*Exercise inputs:*
-=-=-

(* Let $X$ be a real-valued random variable and let $f,g:\mathbb{R}\to\mathbb{R}^+$ be bounded increasing functions. Then $$\operatorname{Cov}[f(X)g(X),\,g(X)]\;\geq\;\mathbb{E}[f(X)]\,\operatorname{Var}[g(X)].$$ *)

theory Defs
  imports "HOL-Probability.Probability"
begin

definition covariance :: "'a measure \<Rightarrow> ('a \<Rightarrow> real) \<Rightarrow> ('a \<Rightarrow> real) \<Rightarrow> real" where
  "covariance M U V =
     (\<integral>x. (U x - (\<integral>y. U y \<partial>M)) * (V x - (\<integral>y. V y \<partial>M)) \<partial>M)"

end

theory Submission
  imports Defs
begin

text \<open>
  Write \<open>\<mu>\<close> and \<open>c\<close> for the mean and the variance of \<open>g(X)\<close>. Then
  \<open>Cov[f(X)g(X), g(X)] - E[f(X)] c = E[f(X) p(X)]\<close> with \<open>p t = g t (g t - \<mu>) - c\<close>,
  and \<open>E[p(X)] = 0\<close>. Since \<open>g\<close> is positive and increasing, \<open>p\<close> changes sign at most
  once, from negative to positive. Hence some threshold \<open>a\<close> separates the values of the
  increasing function \<open>f\<close> on \<open>{p < 0}\<close> from those on \<open>{p > 0}\<close>, so that
  \<open>(f - a) p \<ge> 0\<close> pointwise and \<open>E[f(X) p(X)] \<ge> a E[p(X)] = 0\<close>.
\<close>

lemma bounded_range_mult:
  fixes U V :: "'a \<Rightarrow> 'b::real_normed_algebra"
  assumes "bounded (range U)" and "bounded (range V)"
  shows "bounded (range (\<lambda>x. U x * V x))"
proof -
  obtain BU where BU: "\<And>x. norm (U x) \<le> BU"
    using assms(1) by (auto simp: bounded_iff)
  obtain BV where BV: "\<And>x. norm (V x) \<le> BV"
    using assms(2) by (auto simp: bounded_iff)
  have "norm (U x * V x) \<le> BU * BV" for x
  proof -
    have "norm (U x * V x) \<le> norm (U x) * norm (V x)"
      by (rule norm_mult_ineq)
    also have "\<dots> \<le> BU * BV"
      using BU BV by (intro mult_mono) (auto intro: order_trans[OF norm_ge_zero])
    finally show ?thesis .
  qed
  then show ?thesis
    by (auto simp: bounded_iff)
qed

lemma (in finite_measure) integrable_bounded_range:
  fixes U :: "'a \<Rightarrow> real"
  assumes "U \<in> borel_measurable M" and "bounded (range U)"
  shows "integrable M U"
proof -
  obtain B where "\<And>x. norm (U x) \<le> B"
    using assms(2) by (auto simp: bounded_iff)
  then show ?thesis
    using assms(1) by (intro integrable_const_bound[where B = B]) auto
qed

lemma mono_threshold_separates_sign:
  fixes f p :: "'b::linorder \<Rightarrow> real"
  assumes "mono f" and "bounded (range f)"
    and sign: "\<And>s t. s \<le> t \<Longrightarrow> p t < 0 \<Longrightarrow> p s \<le> 0"
  shows "\<exists>a. \<forall>t. 0 \<le> (f t - a) * p t"
proof (cases "\<exists>t. p t < 0")
  case False
  have "Inf (range f) \<le> f t" for t
    using assms(2) by (intro cInf_lower) (auto intro: bounded_imp_bdd_below)
  then have "\<forall>t. 0 \<le> (f t - Inf (range f)) * p t"
    using False by (simp add: not_less)
  then show ?thesis ..
next
  case True
  define a where "a = Sup (f ` {t. p t < 0})"
  have "0 \<le> (f t - a) * p t" for t
  proof (cases "p t < 0")
    case True
    have "bdd_above (f ` {t. p t < 0})"
      by (rule bdd_above_mono[OF bounded_imp_bdd_above[OF assms(2)]]) auto
    then have "f t \<le> a"
      unfolding a_def using True by (intro cSup_upper) auto
    then show ?thesis
      using True by (simp add: mult_nonpos_nonpos)
  next
    case False
    show ?thesis
    proof (cases "p t = 0")
      case False
      with \<open>\<not> p t < 0\<close> have "p t > 0" by simp
      then have "s \<le> t" if "p s < 0" for s
        using sign[of t s] that by (meson linorder_le_cases not_le)
      then have "\<forall>s \<in> {s. p s < 0}. f s \<le> f t"
        using \<open>mono f\<close> by (auto intro: monoD)
      then have "a \<le> f t"
        unfolding a_def using \<open>\<exists>t. p t < 0\<close> by (intro cSup_least) auto
      then show ?thesis
        using \<open>p t > 0\<close> by simp
    qed simp
  qed
  then show ?thesis by blast
qed

lemma centered_square_sign_change:
  fixes g :: "'b::order \<Rightarrow> real"
  assumes "mono g" and "\<And>t. 0 \<le> g t" and "0 \<le> c"
    and "s \<le> t" and "g t * (g t - m) - c < 0"
  shows "g s * (g s - m) - c \<le> 0"
proof (cases "g s \<le> m")
  case True
  then have "g s * (g s - m) \<le> 0"
    using assms(2) by (intro mult_nonneg_nonpos) auto
  then show ?thesis
    using assms(3) by linarith
next
  case False
  have "g s \<le> g t"
    using assms(1,4) by (simp add: mono_def)
  then have "g s * (g s - m) \<le> g t * (g t - m)"
    using False assms(2) by (intro mult_mono) auto
  then show ?thesis
    using assms(5) by linarith
qed

lemma integral_mult_ge_of_threshold:
  fixes F P :: "'a \<Rightarrow> real"
  assumes "integrable M (\<lambda>x. F x * P x)" and "integrable M P"
    and "\<And>x. 0 \<le> (F x - a) * P x"
  shows "a * (\<integral>x. P x \<partial>M) \<le> (\<integral>x. F x * P x \<partial>M)"
proof -
  have "0 \<le> (\<integral>x. (F x - a) * P x \<partial>M)"
    using assms(3) by simp
  also have "\<dots> = (\<integral>x. F x * P x \<partial>M) - a * (\<integral>x. P x \<partial>M)"
    using assms(1,2) by (simp add: left_diff_distrib)
  finally show ?thesis by simp
qed

lemma (in prob_space) covariance_eq_expectation_centered:
  fixes U V :: "'a \<Rightarrow> real"
  assumes "integrable M U" and "integrable M V" and "integrable M (\<lambda>x. U x * V x)"
  shows "covariance M U V = expectation (\<lambda>x. U x * (V x - expectation V))"
proof -
  have "covariance M U V
      = expectation (\<lambda>x. U x * V x - U x * expectation V - expectation U * (V x - expectation V))"
    unfolding covariance_def by (simp add: algebra_simps)
  also have "\<dots> = expectation (\<lambda>x. U x * (V x - expectation V))"
    using assms by (simp add: prob_space right_diff_distrib)
  finally show ?thesis .
qed

lemma (in prob_space) variance_eq_covariance:
  "variance V = covariance M V V"
  by (simp add: covariance_def power2_eq_square)

lemma (in prob_space) expectation_mult_nonneg_of_sign_change:
  fixes X :: "'a \<Rightarrow> real" and f p :: "real \<Rightarrow> real"
  assumes [measurable]: "X \<in> borel_measurable M" "p \<in> borel_measurable borel"
    and "mono f" and "bounded (range f)" and "bounded (range p)"
    and sign: "\<And>s t. s \<le> t \<Longrightarrow> p t < 0 \<Longrightarrow> p s \<le> 0"
    and "expectation (\<lambda>x. p (X x)) = 0"
  shows "0 \<le> expectation (\<lambda>x. f (X x) * p (X x))"
proof -
  have [measurable]: "f \<in> borel_measurable borel"
    using \<open>mono f\<close> by (rule borel_measurable_mono)
  have "bounded (range (\<lambda>x. f (X x)))" "bounded (range (\<lambda>x. p (X x)))"
    using assms(4,5) by (auto intro: bounded_subset)
  then have "integrable M (\<lambda>x. f (X x) * p (X x))" "integrable M (\<lambda>x. p (X x))"
    by (intro integrable_bounded_range bounded_range_mult; measurable)+
  moreover obtain a where "\<And>t. 0 \<le> (f t - a) * p t"
    using mono_threshold_separates_sign[OF assms(3,4), of p] sign by blast
  ultimately have "a * expectation (\<lambda>x. p (X x)) \<le> expectation (\<lambda>x. f (X x) * p (X x))"
    by (intro integral_mult_ge_of_threshold)
  with assms(7) show ?thesis
    by simp
qed

lemma (in prob_space) covariance_mult_minus_variance:
  fixes F G :: "'a \<Rightarrow> real"
  assumes [measurable]: "F \<in> borel_measurable M" "G \<in> borel_measurable M"
    and "bounded (range F)" and "bounded (range G)"
  shows "expectation (\<lambda>x. G x * (G x - expectation G) - variance G) = 0"
    and "covariance M (\<lambda>x. F x * G x) G - expectation F * variance G
           = expectation (\<lambda>x. F x * (G x * (G x - expectation G) - variance G))"
proof -
  have iF: "integrable M F" and iG: "integrable M G"
    and iFG: "integrable M (\<lambda>x. F x * G x)" and iGG: "integrable M (\<lambda>x. G x * G x)"
    and iFGG: "integrable M (\<lambda>x. F x * G x * G x)"
    using assms(3,4) by (intro integrable_bounded_range bounded_range_mult; measurable)+
  have var: "variance G = expectation (\<lambda>x. G x * (G x - expectation G))"
    unfolding variance_eq_covariance by (rule covariance_eq_expectation_centered[OF iG iG iGG])
  show "expectation (\<lambda>x. G x * (G x - expectation G) - variance G) = 0"
    using iG iGG by (simp add: var prob_space right_diff_distrib)
  have iFGc: "integrable M (\<lambda>x. F x * G x * (G x - expectation G))"
    using iFG iFGG by (simp add: right_diff_distrib)
  have "expectation (\<lambda>x. F x * (G x * (G x - expectation G) - variance G))
      = expectation (\<lambda>x. F x * G x * (G x - expectation G) - variance G * F x)"
    by (rule Bochner_Integration.integral_cong) (simp_all add: algebra_simps)
  also have "\<dots> = expectation (\<lambda>x. F x * G x * (G x - expectation G)) - variance G * expectation F"
    using iFGc iF by simp
  also have "expectation (\<lambda>x. F x * G x * (G x - expectation G)) = covariance M (\<lambda>x. F x * G x) G"
    using iFG iG iFGG by (intro covariance_eq_expectation_centered[symmetric]) auto
  finally show "covariance M (\<lambda>x. F x * G x) G - expectation F * variance G
      = expectation (\<lambda>x. F x * (G x * (G x - expectation G) - variance G))"
    by (simp add: mult.commute)
qed

theorem lemma4p14:
  fixes M :: "'a measure" and X :: "'a \<Rightarrow> real" and f g :: "real \<Rightarrow> real"
  assumes "prob_space M"
    and "X \<in> borel_measurable M"
    and "\<And>t. f t > 0" and "\<And>t. g t > 0"
    and "bounded (range f)" and "bounded (range g)"
    and "mono f" and "mono g"
  shows "covariance M (\<lambda>x. f (X x) * g (X x)) (\<lambda>x. g (X x))
           \<ge> prob_space.expectation M (\<lambda>x. f (X x)) * prob_space.variance M (\<lambda>x. g (X x))"
proof -
  interpret prob_space M by fact
  note [measurable] = assms(2) borel_measurable_mono[OF assms(7)] borel_measurable_mono[OF assms(8)]
  define \<mu> where "\<mu> = expectation (\<lambda>x. g (X x))"
  define c where "c = variance (\<lambda>x. g (X x))"
  define p where "p t = g t * (g t - \<mu>) - c" for t
  have meas: "(\<lambda>x. f (X x)) \<in> borel_measurable M" "(\<lambda>x. g (X x)) \<in> borel_measurable M"
    by measurable
  have bdd: "bounded (range (\<lambda>x. f (X x)))" "bounded (range (\<lambda>x. g (X x)))"
    using assms(5,6) by (auto intro: bounded_subset)
  have mean_p: "expectation (\<lambda>x. p (X x)) = 0"
    using covariance_mult_minus_variance(1)[OF meas bdd] unfolding p_def \<mu>_def c_def .
  have cov: "covariance M (\<lambda>x. f (X x) * g (X x)) (\<lambda>x. g (X x)) - expectation (\<lambda>x. f (X x)) * c
      = expectation (\<lambda>x. f (X x) * p (X x))"
    using covariance_mult_minus_variance(2)[OF meas bdd] unfolding p_def \<mu>_def c_def .
  have "p \<in> borel_measurable borel"
    unfolding p_def[abs_def] by measurable
  moreover have "bounded (range p)"
    unfolding p_def using assms(6) by (intro bounded_minus_comp bounded_range_mult) auto
  moreover have "p s \<le> 0" if "s \<le> t" and "p t < 0" for s t
    using centered_square_sign_change[OF assms(8) less_imp_le[OF assms(4)] variance_positive
        that[unfolded p_def c_def]]
    unfolding p_def c_def .
  ultimately have "0 \<le> expectation (\<lambda>x. f (X x) * p (X x))"
    using assms(2,5,7) mean_p by (intro expectation_mult_nonneg_of_sign_change)
  with cov show ?thesis
    by (simp add: c_def)
qed

end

-=-=-

*Description of the task:*
Look back at the entries above. Retype the line with "using iFG iFGG", the line with "using covariance_mult_minus_variance(2)[OF meas", and all lines in between.

*Result of this exercise:*
    using iFG iFGG by (simp add: right_diff_distrib)
  have "expectation (\<lambda>x. F x * (G x * (G x - expectation G) - variance G))
      = expectation (\<lambda>x. F x * G x * (G x - expectation G) - variance G * F x)"
    by (rule Bochner_Integration.integral_cong) (simp_all add: algebra_simps)
  also have "\<dots> = expectation (\<lambda>x. F x * G x * (G x - expectation G)) - variance G * expectation F"
    using iFGc iF by simp
  also have "expectation (\<lambda>x. F x * G x * (G x - expectation G)) = covariance M (\<lambda>x. F x * G x) G"
    using iFG iG iFGG by (intro covariance_eq_expectation_centered[symmetric]) auto
  finally show "covariance M (\<lambda>x. F x * G x) G - expectation F * variance G
      = expectation (\<lambda>x. F x * (G x * (G x - expectation G) - variance G))"
    by (simp add: mult.commute)
qed

theorem lemma4p14:
  fixes M :: "'a measure" and X :: "'a \<Rightarrow> real" and f g :: "real \<Rightarrow> real"
  assumes "prob_space M"
    and "X \<in> borel_measurable M"
    and "\<And>t. f t > 0" and "\<And>t. g t > 0"
    and "bounded (range f)" and "bounded (range g)"
    and "mono f" and "mono g"
  shows "covariance M (\<lambda>x. f (X x) * g (X x)) (\<lambda>x. g (X x))
           \<ge> prob_space.expectation M (\<lambda>x. f (X x)) * prob_space.variance M (\<lambda>x. g (X x))"
proof -
  interpret prob_space M by fact
  note [measurable] = assms(2) borel_measurable_mono[OF assms(7)] borel_measurable_mono[OF assms(8)]
  define \<mu> where "\<mu> = expectation (\<lambda>x. g (X x))"
  define c where "c = variance (\<lambda>x. g (X x))"
  define p where "p t = g t * (g t - \<mu>) - c" for t
  have meas: "(\<lambda>x. f (X x)) \<in> borel_measurable M" "(\<lambda>x. g (X x)) \<in> borel_measurable M"
    by measurable
  have bdd: "bounded (range (\<lambda>x. f (X x)))" "bounded (range (\<lambda>x. g (X x)))"
    using assms(5,6) by (auto intro: bounded_subset)
  have mean_p: "expectation (\<lambda>x. p (X x)) = 0"
    using covariance_mult_minus_variance(1)[OF meas bdd] unfolding p_def \<mu>_def c_def .
  have cov: "covariance M (\<lambda>x. f (X x) * g (X x)) (\<lambda>x. g (X x)) - expectation (\<lambda>x. f (X x)) * c
      = expectation (\<lambda>x. f (X x) * p (X x))"
    using covariance_mult_minus_variance(2)[OF meas bdd] unfolding p_def \<mu>_def c_def .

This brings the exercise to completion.